We implemented a pragmatic two-step procedure to allocate unlinked death records to census records. We applied rules to prevent impossible matches, for example when attributing deaths with a gender specific cause of death (e.g. prostate or breast cancer). In a first step we used the following procedure to allocate unlinked deaths to census records: death and census record matched on gender, canton of residence, nationality, age (same birth date or maximally 3 months apart), civil status (identical or plausible change, such as married at census and widowed at time of death). If more than one census record fulfilled these criteria, we randomly allocated the death to one of them. If no census record was found, we used less stringent matching criteria in a second step: gender, region (Central, Eastern, Zurich, the Espace Mittelland, Lake Geneva, Northwestern, or Ticino) and birth date within one year. We again randomly selected one census record that matched the death record on these criteria.
Official mortality rates and SNC rates including and excluding unlinked deaths
We first calculated age- and gender-specific official cause-specific mortality rates by dividing all deaths of a specific cause of death recorded in Switzerland by the official midyear population data from the SFSO for each year of the period 1991–2007 (for males and females and 10 year age categories up to age 84 and a final category of the 85+ age group). These rates are hereafter referred to as reference rates.

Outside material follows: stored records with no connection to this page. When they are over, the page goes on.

(* Consider a random family with random number of children $N\ge 1$ and sexes $S_1,S_2,\dots\in\{\mathrm{M},\mathrm{F}\}$ of its children in birth order ($S_k$ defined on the event $N\ge k$). Assume: (i) (random coin toss) there is $p_M\in(0,1)$ such that $P(S_1=\mathrm{M})=p_M$ and, for every $k\ge 2$, $P(S_k=\mathrm{M}\mid N\ge k, S_1,\dots,S_{k-1})=p_M$; write $p_F=1-p_M$; (ii) the sex of the first child does not predict whether the family has a second child: $P(N\ge 2\mid S_1=\mathrm{M})=P(N\ge2\mid S_1=\mathrm{F})$; (iii) there are numbers $p_S>0$ and $p_D$ with $P(N\ge 3\mid N\ge 2, S_1=S_2=\mathrm{M})=P(N\ge 3\mid N\ge 2, S_1=S_2=\mathrm{F})=p_S$ and $P(N\ge 3\mid N\ge 2, S_1=\mathrm{M},S_2=\mathrm{F})=P(N\ge 3\mid N\ge 2, S_1=\mathrm{F},S_2=\mathrm{M})=p_D$. Then \[ P\left(\text{MMM or FFF}\mid N\geq 3\right)=\left(p_M^3+p_F^3\right)\frac{1}{2 p_Fp_M p_D/p_S +p_F^2+p_M^2}. \] If additionally $p_S>p_D$, then the inflation factor satisfies \[ \frac{1}{2 p_Fp_M p_D/p_S +p_F^2+p_M^2}>1. \]
   Context: All births are singletons. "MMM" denotes the event $N\ge 3$ and $S_1=S_2=S_3=\mathrm{M}$; "FFF" denotes $N\ge3$ and $S_1=S_2=S_3=\mathrm{F}$. All conditioning events appearing are assumed to have positive probability. *)

theory Defs
  imports "HOL-Probability.Probability"
begin

datatype sex = Male | Female

definition cond_prob :: "'a measure \<Rightarrow> 'a set \<Rightarrow> 'a set \<Rightarrow> real" where
  "cond_prob M A B = measure M (A \<inter> B) / measure M B"

end

theory Submission
  imports Defs
begin

(* Write q = P(N >= 2 | S 1) which, by (ii), does not depend on the first sex. The coin toss gives
   P(N >= 2, S 1 = a, S 2 = b) = q p_a p_b, and then P(N >= 3, S 1 = a, S 2 = b) is this times pS
   or pD, while P(N >= 3, S 1 = S 2 = S 3 = a) = pS q p_a^3. Summing, P(N >= 3) = q pS D and
   P(MMM or FFF, N >= 3) = q pS (pM^3 + pF^3), where D = 2 pF pM pD / pS + pF^2 + pM^2 is the
   denominator of the inflation factor; if pD < pS then D < (pF + pM)^2 = 1. *)

lemma cond_prob_nonneg: "0 \<le> cond_prob M A B"
  by (simp add: cond_prob_def)

lemma (in finite_measure) measure_Int_eq_cond_prob_mult:
  assumes "B \<in> sets M"
  shows "measure M (A \<inter> B) = cond_prob M A B * measure M B"
proof (cases "measure M B = 0")
  case True
  then have "measure M (A \<inter> B) \<le> 0"
    using finite_measure_mono[of "A \<inter> B" B] assms by auto
  then show ?thesis using True by (simp add: order_antisym)
qed (simp add: cond_prob_def)

lemma (in finite_measure) measure_split_sex:
  assumes "{\<omega>\<in>space M. P \<omega>} \<in> sets M" "{\<omega>\<in>space M. f \<omega> = Male} \<in> sets M"
  shows "measure M {\<omega>\<in>space M. P \<omega>} =
         measure M {\<omega>\<in>space M. P \<omega> \<and> f \<omega> = Male} + measure M {\<omega>\<in>space M. P \<omega> \<and> f \<omega> = Female}"
proof -
  have "{\<omega>\<in>space M. P \<omega> \<and> f \<omega> = Male} = {\<omega>\<in>space M. P \<omega>} \<inter> {\<omega>\<in>space M. f \<omega> = Male}"
    and "{\<omega>\<in>space M. P \<omega> \<and> f \<omega> = Female} = {\<omega>\<in>space M. P \<omega>} - {\<omega>\<in>space M. f \<omega> = Male}"
    by (auto intro: sex.exhaust)
  then show ?thesis
    using finite_measure_Diff'[OF assms] by simp
qed

definition inflation_factor :: "real \<Rightarrow> real \<Rightarrow> real \<Rightarrow> real" where
  "inflation_factor pM pS pD = 1 / (2 * (1 - pM) * pM * pD / pS + (1 - pM) ^ 2 + pM ^ 2)"

lemma inflation_factor_gt_one:
  fixes pM pS pD :: real
  assumes "0 < pM" "pM < 1" "0 \<le> pD" "pD < pS"
  shows "inflation_factor pM pS pD > 1"
proof -
  have "2 * (1 - pM) * pM * (pD / pS) < 2 * (1 - pM) * pM * 1"
    using assms by (intro mult_strict_left_mono) auto
  moreover have "(1 - pM) ^ 2 + pM ^ 2 + 2 * (1 - pM) * pM = 1"
    by (simp add: power2_eq_square algebra_simps)
  ultimately have "2 * (1 - pM) * pM * pD / pS + (1 - pM) ^ 2 + pM ^ 2 < 1"
    by simp
  moreover have "0 < 2 * (1 - pM) * pM * pD / pS + (1 - pM) ^ 2 + pM ^ 2"
    using assms by (intro add_nonneg_pos) auto
  ultimately show ?thesis
    unfolding inflation_factor_def by simp
qed

lemma mult_inflation_factor_eq:
  fixes pM pS pD c :: real
  assumes "pS \<noteq> 0"
  shows "pS * c / (pS * pM ^ 2 + 2 * pD * pM * (1 - pM) + pS * (1 - pM) ^ 2)
           = c * inflation_factor pM pS pD"
proof -
  have "pS * pM ^ 2 + 2 * pD * pM * (1 - pM) + pS * (1 - pM) ^ 2
          = pS * (2 * (1 - pM) * pM * pD / pS + (1 - pM) ^ 2 + pM ^ 2)"
    using assms by (simp add: field_simps)
  then show ?thesis
    using assms unfolding inflation_factor_def by simp
qed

We then calculated age- and gender-specific mortality rates based on the SNC (hereafter SNC rates), measuring time from the date of the census (5th December 1990 or 5th December 2000) to either the date of death, date of emigration, or 31st December 2007, whichever came first. We calculated the total person-time separately for each calendar year 1991–2007, gender and age-group and divided the corresponding number of deaths by the number of person-years. We did calculations both including and excluding the unlinked deaths.
We show results for selected causes of death: deaths from all causes and for all cancer causes (ICD-8: 140–209, ICD-10: C00-C97), all cardiovascular causes (ICD-8: 390–429, ICD-10: I00-I52), and suicides (ICD-8: E950-E959, ICD-10: X60-X84). As over 50% of deaths occur in the age-groups 75–84 years and 85+ years, we provide descriptive statistics for the percentage difference between the two versions of SNC rates (excluding or including unlinked deaths) and the reference rate for age-groups 75–84 years and 85+ years.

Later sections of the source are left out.